--- Dataset entries ---

==========

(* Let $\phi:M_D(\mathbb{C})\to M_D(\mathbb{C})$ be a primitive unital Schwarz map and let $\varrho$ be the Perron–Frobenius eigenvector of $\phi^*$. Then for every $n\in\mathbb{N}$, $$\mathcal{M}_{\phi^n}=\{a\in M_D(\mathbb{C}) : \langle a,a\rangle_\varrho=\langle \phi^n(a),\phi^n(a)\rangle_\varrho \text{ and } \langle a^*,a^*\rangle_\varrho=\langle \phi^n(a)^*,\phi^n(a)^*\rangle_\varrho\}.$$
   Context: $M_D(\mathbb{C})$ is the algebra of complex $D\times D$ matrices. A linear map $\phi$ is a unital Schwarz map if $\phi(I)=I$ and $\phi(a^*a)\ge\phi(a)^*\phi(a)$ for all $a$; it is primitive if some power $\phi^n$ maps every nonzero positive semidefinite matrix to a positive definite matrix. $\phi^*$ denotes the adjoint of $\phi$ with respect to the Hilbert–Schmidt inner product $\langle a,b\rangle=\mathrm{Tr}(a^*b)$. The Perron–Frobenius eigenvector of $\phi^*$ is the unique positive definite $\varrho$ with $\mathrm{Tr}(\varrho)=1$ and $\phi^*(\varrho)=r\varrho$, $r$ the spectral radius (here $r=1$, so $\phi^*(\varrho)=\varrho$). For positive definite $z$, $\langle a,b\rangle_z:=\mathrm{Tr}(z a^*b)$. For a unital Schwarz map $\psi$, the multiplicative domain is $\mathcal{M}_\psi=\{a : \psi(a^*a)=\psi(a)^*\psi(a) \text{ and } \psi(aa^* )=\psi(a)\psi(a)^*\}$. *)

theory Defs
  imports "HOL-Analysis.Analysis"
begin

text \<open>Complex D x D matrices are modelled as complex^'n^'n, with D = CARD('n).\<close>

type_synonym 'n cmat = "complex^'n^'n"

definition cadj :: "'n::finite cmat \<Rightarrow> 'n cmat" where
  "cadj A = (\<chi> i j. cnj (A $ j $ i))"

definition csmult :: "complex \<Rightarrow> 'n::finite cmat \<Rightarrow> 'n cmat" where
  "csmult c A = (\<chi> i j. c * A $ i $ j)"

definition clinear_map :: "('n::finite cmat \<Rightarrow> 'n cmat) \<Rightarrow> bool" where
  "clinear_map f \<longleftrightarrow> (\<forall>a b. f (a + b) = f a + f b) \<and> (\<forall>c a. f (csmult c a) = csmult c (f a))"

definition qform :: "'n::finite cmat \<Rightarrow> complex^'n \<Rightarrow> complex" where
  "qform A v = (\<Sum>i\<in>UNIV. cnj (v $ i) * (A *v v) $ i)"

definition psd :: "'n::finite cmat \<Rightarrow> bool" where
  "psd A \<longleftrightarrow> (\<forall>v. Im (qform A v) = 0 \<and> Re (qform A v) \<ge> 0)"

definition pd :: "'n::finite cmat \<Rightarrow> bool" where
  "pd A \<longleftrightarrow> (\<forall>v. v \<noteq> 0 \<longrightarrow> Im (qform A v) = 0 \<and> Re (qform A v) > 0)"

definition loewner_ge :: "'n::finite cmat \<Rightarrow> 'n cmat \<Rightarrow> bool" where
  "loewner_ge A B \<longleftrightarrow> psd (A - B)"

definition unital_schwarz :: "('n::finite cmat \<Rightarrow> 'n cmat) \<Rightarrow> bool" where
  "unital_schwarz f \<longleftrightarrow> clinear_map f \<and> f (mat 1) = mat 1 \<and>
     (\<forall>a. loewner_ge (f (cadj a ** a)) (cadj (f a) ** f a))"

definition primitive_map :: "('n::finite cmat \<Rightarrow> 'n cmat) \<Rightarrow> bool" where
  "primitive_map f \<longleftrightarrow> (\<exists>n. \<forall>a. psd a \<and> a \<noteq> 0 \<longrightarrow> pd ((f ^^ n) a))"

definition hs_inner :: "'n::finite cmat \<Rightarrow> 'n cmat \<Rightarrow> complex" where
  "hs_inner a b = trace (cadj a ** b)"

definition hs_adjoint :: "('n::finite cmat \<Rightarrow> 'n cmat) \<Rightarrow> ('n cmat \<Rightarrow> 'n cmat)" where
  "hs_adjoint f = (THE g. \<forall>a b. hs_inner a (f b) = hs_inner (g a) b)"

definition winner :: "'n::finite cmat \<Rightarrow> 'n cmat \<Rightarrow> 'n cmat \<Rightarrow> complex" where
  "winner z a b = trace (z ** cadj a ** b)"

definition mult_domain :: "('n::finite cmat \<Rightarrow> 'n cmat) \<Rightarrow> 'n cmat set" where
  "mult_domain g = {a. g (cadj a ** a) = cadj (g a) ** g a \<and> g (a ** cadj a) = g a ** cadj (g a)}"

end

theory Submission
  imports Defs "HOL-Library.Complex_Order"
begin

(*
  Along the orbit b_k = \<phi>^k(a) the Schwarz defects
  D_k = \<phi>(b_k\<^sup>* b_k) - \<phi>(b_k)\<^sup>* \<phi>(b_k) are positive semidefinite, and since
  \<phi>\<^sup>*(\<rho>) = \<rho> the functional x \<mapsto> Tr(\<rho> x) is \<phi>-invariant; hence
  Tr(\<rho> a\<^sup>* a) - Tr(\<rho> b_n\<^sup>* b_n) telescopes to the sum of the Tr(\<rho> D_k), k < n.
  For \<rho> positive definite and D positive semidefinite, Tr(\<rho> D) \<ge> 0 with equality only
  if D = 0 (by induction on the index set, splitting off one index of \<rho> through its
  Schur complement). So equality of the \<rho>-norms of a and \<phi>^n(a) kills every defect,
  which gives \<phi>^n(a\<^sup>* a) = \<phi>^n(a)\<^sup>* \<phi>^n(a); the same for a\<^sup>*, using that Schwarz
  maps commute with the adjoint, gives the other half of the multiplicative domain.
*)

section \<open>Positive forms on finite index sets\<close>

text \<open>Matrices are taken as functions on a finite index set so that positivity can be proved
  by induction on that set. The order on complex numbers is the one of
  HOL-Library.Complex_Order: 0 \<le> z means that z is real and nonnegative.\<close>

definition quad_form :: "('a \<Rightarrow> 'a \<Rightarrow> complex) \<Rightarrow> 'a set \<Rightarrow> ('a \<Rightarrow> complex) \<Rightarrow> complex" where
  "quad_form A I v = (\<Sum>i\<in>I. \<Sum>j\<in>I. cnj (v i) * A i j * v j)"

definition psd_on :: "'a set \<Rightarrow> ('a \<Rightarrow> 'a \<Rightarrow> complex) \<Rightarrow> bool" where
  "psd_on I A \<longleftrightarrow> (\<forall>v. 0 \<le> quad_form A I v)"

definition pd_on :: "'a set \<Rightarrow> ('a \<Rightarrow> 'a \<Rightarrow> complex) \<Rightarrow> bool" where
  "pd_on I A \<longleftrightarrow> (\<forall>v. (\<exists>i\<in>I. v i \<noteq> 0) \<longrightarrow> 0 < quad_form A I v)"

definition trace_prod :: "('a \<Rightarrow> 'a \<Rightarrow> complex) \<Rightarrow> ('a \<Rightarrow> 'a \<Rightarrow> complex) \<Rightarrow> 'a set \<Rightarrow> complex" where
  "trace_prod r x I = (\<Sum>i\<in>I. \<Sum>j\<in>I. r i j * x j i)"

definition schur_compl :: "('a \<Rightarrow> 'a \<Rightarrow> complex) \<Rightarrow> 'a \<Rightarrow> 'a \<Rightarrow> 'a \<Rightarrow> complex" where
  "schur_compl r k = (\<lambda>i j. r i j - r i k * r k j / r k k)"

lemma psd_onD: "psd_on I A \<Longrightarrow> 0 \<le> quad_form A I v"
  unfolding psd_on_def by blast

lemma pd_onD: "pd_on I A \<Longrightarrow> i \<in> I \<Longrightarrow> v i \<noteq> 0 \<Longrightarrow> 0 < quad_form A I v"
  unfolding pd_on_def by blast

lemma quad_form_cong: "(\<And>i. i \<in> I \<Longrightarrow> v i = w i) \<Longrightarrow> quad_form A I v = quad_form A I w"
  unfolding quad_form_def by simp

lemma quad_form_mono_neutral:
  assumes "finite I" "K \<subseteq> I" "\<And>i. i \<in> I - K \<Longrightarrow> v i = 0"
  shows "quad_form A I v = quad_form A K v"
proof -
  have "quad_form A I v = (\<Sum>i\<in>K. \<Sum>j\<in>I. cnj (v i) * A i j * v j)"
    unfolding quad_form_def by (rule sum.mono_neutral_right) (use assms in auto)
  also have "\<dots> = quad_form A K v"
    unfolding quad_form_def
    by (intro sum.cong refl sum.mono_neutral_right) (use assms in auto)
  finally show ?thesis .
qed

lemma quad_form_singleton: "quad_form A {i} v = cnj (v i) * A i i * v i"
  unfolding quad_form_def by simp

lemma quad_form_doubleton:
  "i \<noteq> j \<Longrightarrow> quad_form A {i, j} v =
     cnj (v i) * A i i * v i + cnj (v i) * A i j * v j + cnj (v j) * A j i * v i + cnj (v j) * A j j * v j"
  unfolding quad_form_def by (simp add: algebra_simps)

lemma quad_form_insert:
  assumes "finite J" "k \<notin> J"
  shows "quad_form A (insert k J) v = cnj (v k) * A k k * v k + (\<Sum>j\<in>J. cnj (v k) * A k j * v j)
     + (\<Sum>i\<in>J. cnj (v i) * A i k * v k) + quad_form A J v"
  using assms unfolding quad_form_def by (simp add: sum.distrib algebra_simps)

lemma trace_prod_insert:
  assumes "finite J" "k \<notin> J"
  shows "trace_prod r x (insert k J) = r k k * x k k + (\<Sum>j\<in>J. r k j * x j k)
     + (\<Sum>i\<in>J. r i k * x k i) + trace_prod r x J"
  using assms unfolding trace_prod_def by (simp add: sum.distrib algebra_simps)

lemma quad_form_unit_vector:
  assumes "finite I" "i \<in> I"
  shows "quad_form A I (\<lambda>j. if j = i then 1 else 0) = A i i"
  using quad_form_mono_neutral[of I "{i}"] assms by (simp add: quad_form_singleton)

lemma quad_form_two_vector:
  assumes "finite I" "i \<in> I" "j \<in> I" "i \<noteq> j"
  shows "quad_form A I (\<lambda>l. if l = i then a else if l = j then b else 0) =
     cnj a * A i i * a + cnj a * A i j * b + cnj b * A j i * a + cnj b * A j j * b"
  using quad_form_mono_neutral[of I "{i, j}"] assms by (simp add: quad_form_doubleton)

==========

--- Task description ---
Check each line above for the word "exists", and give only the number of lines that contain it.

--- Answer section ---
2